▶ DATA SUPPLIED:
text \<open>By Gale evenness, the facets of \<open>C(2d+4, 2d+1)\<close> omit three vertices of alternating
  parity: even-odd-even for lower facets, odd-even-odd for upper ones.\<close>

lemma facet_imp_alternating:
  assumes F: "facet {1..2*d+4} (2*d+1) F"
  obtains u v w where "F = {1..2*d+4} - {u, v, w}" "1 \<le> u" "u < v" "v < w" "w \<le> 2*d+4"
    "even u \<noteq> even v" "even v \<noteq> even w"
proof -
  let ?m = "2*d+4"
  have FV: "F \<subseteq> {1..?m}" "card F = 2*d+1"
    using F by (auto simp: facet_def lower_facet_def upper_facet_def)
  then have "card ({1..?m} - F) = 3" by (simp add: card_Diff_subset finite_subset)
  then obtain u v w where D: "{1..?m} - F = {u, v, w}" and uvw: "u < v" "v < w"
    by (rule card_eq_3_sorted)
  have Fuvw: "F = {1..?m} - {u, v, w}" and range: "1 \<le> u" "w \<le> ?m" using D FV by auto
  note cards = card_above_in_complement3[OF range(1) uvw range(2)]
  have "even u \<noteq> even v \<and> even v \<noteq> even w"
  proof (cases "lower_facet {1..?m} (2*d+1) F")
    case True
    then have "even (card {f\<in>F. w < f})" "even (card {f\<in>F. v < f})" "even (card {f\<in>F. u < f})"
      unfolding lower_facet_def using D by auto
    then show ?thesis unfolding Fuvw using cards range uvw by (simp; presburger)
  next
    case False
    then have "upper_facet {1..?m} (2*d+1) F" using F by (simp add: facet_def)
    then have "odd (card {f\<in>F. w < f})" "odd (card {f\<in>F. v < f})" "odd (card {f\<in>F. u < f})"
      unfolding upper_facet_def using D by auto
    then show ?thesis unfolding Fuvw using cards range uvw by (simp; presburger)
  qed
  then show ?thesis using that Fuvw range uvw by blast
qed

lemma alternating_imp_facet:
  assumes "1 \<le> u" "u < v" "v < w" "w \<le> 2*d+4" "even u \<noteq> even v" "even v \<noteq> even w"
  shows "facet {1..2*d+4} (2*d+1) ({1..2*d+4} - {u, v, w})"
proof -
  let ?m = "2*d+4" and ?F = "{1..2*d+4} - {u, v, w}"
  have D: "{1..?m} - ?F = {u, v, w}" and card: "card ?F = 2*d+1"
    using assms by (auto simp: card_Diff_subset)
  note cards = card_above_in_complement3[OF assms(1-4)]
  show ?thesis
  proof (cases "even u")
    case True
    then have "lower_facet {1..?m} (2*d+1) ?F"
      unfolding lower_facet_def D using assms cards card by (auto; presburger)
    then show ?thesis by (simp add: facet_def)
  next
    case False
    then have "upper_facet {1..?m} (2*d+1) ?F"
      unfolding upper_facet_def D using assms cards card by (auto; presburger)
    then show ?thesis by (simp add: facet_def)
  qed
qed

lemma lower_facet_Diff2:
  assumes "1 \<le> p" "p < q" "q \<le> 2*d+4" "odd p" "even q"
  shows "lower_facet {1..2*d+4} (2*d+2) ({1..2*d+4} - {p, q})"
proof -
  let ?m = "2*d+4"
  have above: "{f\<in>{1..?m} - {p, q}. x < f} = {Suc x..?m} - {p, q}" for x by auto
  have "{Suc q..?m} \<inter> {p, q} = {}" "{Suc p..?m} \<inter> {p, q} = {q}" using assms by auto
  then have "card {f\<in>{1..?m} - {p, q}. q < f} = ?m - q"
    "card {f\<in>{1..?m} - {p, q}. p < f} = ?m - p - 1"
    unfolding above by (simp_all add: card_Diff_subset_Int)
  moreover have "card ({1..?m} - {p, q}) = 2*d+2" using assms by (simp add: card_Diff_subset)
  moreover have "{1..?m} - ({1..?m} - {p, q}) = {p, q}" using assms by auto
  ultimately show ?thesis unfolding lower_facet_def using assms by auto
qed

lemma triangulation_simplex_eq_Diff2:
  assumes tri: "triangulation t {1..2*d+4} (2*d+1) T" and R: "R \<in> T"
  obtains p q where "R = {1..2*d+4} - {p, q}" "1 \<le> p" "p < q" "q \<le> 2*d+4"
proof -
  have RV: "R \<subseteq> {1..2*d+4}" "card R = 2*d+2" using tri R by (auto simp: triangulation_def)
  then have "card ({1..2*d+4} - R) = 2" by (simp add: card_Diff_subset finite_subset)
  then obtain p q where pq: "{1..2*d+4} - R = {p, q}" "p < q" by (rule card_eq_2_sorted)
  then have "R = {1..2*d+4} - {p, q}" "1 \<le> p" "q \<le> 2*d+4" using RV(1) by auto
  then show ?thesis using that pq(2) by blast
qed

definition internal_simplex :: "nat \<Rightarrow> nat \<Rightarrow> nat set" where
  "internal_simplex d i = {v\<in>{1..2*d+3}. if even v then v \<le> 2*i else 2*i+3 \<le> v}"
--
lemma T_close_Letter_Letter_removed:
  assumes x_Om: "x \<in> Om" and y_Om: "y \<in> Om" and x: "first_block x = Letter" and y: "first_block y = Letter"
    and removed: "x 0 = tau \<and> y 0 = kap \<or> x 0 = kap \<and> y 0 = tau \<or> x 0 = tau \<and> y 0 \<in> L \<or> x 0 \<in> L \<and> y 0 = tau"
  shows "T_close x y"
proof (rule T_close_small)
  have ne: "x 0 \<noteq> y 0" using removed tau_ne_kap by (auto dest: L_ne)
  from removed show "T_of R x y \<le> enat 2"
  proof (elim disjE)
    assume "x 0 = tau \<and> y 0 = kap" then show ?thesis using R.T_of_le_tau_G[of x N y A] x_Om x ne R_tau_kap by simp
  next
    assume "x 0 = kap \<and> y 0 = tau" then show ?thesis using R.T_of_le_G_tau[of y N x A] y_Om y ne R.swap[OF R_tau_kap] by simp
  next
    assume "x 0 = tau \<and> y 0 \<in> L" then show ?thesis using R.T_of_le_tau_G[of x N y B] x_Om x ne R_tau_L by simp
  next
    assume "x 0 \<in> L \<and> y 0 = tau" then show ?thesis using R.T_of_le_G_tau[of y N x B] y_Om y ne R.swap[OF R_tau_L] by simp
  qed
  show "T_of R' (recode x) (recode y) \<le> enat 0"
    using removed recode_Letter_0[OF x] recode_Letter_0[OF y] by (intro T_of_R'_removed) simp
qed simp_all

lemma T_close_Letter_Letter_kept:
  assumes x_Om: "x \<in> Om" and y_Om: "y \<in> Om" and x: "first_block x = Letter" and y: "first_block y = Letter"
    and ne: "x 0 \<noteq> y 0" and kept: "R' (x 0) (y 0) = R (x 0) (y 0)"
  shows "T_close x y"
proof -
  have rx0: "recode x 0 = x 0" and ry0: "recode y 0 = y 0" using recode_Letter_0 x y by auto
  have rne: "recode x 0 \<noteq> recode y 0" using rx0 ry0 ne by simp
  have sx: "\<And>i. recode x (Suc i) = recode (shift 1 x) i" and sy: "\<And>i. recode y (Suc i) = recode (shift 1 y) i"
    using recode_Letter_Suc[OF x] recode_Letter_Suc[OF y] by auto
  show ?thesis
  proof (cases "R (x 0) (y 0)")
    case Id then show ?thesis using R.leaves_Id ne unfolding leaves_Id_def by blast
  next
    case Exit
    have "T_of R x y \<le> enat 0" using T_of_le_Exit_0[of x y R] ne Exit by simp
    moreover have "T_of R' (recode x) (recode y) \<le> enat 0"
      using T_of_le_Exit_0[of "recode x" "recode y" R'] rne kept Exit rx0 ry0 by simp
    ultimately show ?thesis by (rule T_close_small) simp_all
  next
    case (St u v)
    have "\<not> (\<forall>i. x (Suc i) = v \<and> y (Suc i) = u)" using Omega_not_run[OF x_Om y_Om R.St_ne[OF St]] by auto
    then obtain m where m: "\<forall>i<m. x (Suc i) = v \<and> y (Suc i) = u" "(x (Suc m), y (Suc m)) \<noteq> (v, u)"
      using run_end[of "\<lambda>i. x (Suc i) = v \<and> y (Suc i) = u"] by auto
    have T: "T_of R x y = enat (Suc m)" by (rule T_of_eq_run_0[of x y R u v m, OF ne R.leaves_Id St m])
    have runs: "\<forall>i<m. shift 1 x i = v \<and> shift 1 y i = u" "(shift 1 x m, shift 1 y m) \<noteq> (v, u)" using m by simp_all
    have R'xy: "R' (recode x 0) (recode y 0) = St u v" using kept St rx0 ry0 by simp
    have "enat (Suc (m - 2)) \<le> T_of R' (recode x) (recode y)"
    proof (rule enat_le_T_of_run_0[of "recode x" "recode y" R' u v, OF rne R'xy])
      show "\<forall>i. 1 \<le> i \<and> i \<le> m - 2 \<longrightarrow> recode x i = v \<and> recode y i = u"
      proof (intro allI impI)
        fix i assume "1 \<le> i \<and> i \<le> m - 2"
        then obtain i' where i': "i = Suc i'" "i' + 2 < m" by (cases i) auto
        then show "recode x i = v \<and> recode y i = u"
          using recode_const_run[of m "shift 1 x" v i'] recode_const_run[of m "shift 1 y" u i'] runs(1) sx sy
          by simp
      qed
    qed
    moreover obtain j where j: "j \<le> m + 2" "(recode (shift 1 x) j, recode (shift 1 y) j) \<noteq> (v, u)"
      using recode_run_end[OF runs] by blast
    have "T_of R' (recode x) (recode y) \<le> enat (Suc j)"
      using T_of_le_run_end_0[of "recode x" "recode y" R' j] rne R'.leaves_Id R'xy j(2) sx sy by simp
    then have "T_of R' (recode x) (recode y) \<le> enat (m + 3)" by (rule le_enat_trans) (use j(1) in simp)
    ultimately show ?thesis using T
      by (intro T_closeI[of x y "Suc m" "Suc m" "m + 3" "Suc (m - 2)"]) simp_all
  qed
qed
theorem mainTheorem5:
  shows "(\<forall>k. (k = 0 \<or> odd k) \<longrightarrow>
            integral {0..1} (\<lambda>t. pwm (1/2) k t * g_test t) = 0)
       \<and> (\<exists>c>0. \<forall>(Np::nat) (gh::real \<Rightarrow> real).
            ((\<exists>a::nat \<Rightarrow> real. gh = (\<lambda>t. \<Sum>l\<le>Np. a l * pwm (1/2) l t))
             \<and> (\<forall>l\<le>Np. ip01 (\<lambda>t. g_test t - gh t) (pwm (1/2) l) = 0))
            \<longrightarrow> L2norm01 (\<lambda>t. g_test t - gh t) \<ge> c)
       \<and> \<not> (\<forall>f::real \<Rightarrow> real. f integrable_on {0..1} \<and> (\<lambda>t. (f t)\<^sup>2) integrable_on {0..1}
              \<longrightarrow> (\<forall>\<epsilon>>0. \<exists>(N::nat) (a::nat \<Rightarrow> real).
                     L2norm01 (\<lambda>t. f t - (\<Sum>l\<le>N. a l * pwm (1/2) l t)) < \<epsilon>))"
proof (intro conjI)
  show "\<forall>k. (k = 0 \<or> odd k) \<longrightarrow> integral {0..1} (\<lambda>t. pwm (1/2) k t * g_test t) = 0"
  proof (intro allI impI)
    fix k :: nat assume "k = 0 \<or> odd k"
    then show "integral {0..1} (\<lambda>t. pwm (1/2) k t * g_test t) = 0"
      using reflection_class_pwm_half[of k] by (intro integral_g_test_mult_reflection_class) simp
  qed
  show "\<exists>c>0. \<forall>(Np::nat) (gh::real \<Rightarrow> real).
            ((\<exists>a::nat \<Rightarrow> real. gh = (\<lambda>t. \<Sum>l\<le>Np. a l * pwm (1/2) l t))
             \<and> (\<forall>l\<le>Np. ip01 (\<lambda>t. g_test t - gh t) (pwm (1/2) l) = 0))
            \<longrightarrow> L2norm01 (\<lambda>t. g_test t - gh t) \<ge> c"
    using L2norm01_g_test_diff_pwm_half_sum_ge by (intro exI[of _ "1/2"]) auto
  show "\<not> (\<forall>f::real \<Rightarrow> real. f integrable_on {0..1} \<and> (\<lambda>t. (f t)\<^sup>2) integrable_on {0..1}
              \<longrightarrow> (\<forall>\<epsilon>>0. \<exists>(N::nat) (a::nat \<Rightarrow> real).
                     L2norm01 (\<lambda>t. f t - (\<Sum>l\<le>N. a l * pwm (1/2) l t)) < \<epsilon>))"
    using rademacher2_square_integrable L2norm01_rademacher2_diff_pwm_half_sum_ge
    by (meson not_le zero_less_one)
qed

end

▶ TASK:
Whenever the string "impI" occurs in a line of the entries above, copy that line.

▶ EXERCISE ANSWER:
      proof (intro allI impI)
  proof (intro allI impI)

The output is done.